(Saved data entries)
(* Let $f,g\in\mathrm{Diff}(\mathbb{C},0)$ be distinct from the identity and suppose that $f,g$ satisfy no universal relation. Then there exists a set $\mathcal{U}\subseteq\mathrm{Diff}(\mathbb{C},0)$, dense for the analytic topology, such that for every $h\in\mathcal{U}$ the elements $f$ and $h^{-1}\circ g\circ h$ generate a free subgroup of $\mathrm{Diff}(\mathbb{C},0)$.
   Context: $\mathrm{Diff}(\mathbb{C},0)$ is the group of germs of holomorphic diffeomorphisms of $\mathbb{C}$ fixing $0$; $\widehat{\mathrm{Diff}}(\mathbb{C},0)$ is the group of formal series $\sum_{i\ge1}c_ix^i$ with $c_1\neq0$ under formal composition. For a reduced word $W(a,b)$ in $a^{\pm1},b^{\pm1}$, $W(f,g)$ denotes the element obtained by substituting $a=f,b=g$ and composing. A non-trivial reduced word $W(a,b)$ with $W(f,g)=\mathrm{id}$ is called a universal relation (for the pair $f,g$) if $W(f,\hat h^{-1}\circ g\circ\hat h)=\mathrm{id}$ for every $\hat h\in\widehat{\mathrm{Diff}}(\mathbb{C},0)$; "$f,g$ satisfy no universal relation" means no non-trivial reduced word is a universal relation. Analytic topology: for $r>0$ and $h$ holomorphic near $0$, $\|h\|_r=\sup_{B(r)}|h|$ if $h$ extends holomorphically to the open disc $B(r)$ of radius $r$, and $+\infty$ otherwise; a basis of open sets is given by $\{g:\|g-f\|_r<\varepsilon\}$, $f\in\mathrm{Diff}(\mathbb{C},0)$, $r,\varepsilon>0$. *)

theory Defs
  imports "HOL-Analysis.Analysis"
begin

text \<open>Germs in Diff(C,0) are represented by their (convergent) Taylor series at 0;
  composition of germs is composition of power series (\<open>oo\<close>), and the
  identity is \<open>fps_X\<close>.\<close>

definition Diff0 :: "complex fps set" where
  "Diff0 = {F. fps_nth F 0 = 0 \<and> fps_nth F 1 \<noteq> 0 \<and> fps_conv_radius F > 0}"

definition FDiff0 :: "complex fps set" where
  "FDiff0 = {F. fps_nth F 0 = 0 \<and> fps_nth F 1 \<noteq> 0}"

text \<open>Letters: (is_a, is_inverse). A word is a list of letters.\<close>
type_synonym word = "(bool \<times> bool) list"
(* Let $L\in\mathrm{Gr}(\mathbb R^n,m)$ and let $(B,N)$ be its Goldman–Tucker partition. Then: (a) If $|||\cdot|||=\|\cdot\|_\infty$: $\sigma(L_B)=\nu(L_B)=\max_{x\in L\cap\mathbb R^n_+,\|x\|=1}\min_{i\in B}x_i$ and $\sigma(L_N)=\nu(L_N)=\max_{x\in L^\perp\cap\mathbb R^n_+,\|x\|=1}\min_{i\in N}x_i$. In particular, if also $\|\cdot\|=\|\cdot\|_1$: $\sigma(L_B)=\nu(L_B)=\max_{x\in L\cap\Delta_{n-1}}\min_{i\in B}x_i$ and $\sigma(L_N)=\nu(L_N)=\max_{x\in L^\perp\cap\Delta_{n-1}}\min_{i\in N}x_i$. (b) If $|||\cdot|||=\|\cdot\|_1$: $\sigma(L_B)=\nu(L_B)=\min_{i\in B}\max_{x\in L\cap\mathbb R^n_+,\|x\|=1}x_i$ and $\sigma(L_N)=\nu(L_N)=\min_{i\in N}\max_{x\in L^\perp\cap\mathbb R^n_+,\|x\|=1}x_i$. In particular, if also $\|\cdot\|=\|\cdot\|_1$: $\sigma(L_B)=\nu(L_B)=\min_{i\in B}\max_{x\in L\cap\Delta_{n-1}}x_i$ and $\sigma(L_N)=\nu(L_N)=\min_{i\in N}\max_{x\in L^\perp\cap\Delta_{n-1}}x_i$. (c) If $\|\cdot\|=|||\cdot|||=\|\cdot\|_2$: $\sigma(L_B)=\nu(L_B)=\min_{u\in\mathbb R^B_+\times\{0_N\},\|u\|_2=1}\max_{x\in L\cap\mathbb R^n_+,\|x\|_2=1}\langle u,x\rangle$ and $\sigma(L_N)=\nu(L_N)=\min_{u\in\{0_B\}\times\mathbb R^N_+,\|u\|_2=1}\max_{x\in L^\perp\cap\mathbb R^n_+,\|x\|_2=1}\langle u,x\rangle$.
   Context: $V=\mathbb R^n$ with the dot product, $K=\mathbb R^n_+$; $\mathrm{Gr}(\mathbb R^n,m)$ is the set of $m$-dimensional subspaces ($1\le m<n$), $L^\perp$ the orthogonal complement; $\Delta_{n-1}:=\{x\in\mathbb R^n_+:\sum_ix_i=1\}$. For every $L\in\mathrm{Gr}(\mathbb R^n,m)$ there is a unique partition $B\cup N=\{1,\dots,n\}$ (the Goldman–Tucker partition) with $L\cap(\operatorname{int}\mathbb R^B_+\times\{0_N\})\neq\emptyset$ and $L^\perp\cap(\{0_B\}\times\operatorname{int}\mathbb R^N_+)\neq\emptyset$. Set $V_B:=\mathbb R^B\times\{0_N\}$, $K_B:=\mathbb R^B_+\times\{0_N\}$, $V_N:=\{0_B\}\times\mathbb R^N$, $K_N:=\{0_B\}\times\mathbb R^N_+$, $L_B:=L\cap V_B$, $L_N:=L^\perp\cap V_N$. For a coordinate subspace $V'\in\{V_B,V_N\}$ with cone $K'\in\{K_B,K_N\}$ and a subspace $L'\subseteq V'$ (with $L'\cap\operatorname{int}_{V'}K'\neq\emptyset$), the quantities are computed inside $V'$ (orthogonal complement, dual cone $K'^*=K'$, and norms restricted to $V'$, dual norms taken within $V'$): $\nu(L'):=\min\{\|u-y\|^*:u\in K',\ y\in L'^{\perp}\cap V',\ |||u|||^*=1\}$, and $\sigma(L'):=\min_{v\in K',|||v|||=1}\max_{x\in L',\|x\|\le1}\lambda_v(x)$ where $\lambda_v(x):=\sup\{t: x-tv\in K'\}$. Here $\|\cdot\|,|||\cdot|||$ are the specified norms on $\mathbb R^n$ and $\|u\|^*:=\max_{\|x\|=1}\langle u,x\rangle$, $|||u|||^*:=\max_{|||x|||=1}\langle u,x\rangle$. *)

theory Defs
  imports "HOL-Analysis.Analysis" "HOL-Library.Extended_Real"
begin

text \<open>Ambient space V = real^'n with the dot product; K = nonnegative orthant.\<close>

definition nonneg :: "real^'n \<Rightarrow> bool" where
  "nonneg x \<longleftrightarrow> (\<forall>i. 0 \<le> x $ i)"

• **WORK TASK**
Search the entries for the word "noteq", then list each line that holds it.

• **SOLVED EXERCISE**
  "Diff0 = {F. fps_nth F 0 = 0 \<and> fps_nth F 1 \<noteq> 0 \<and> fps_conv_radius F > 0}"
  "FDiff0 = {F. fps_nth F 0 = 0 \<and> fps_nth F 1 \<noteq> 0}"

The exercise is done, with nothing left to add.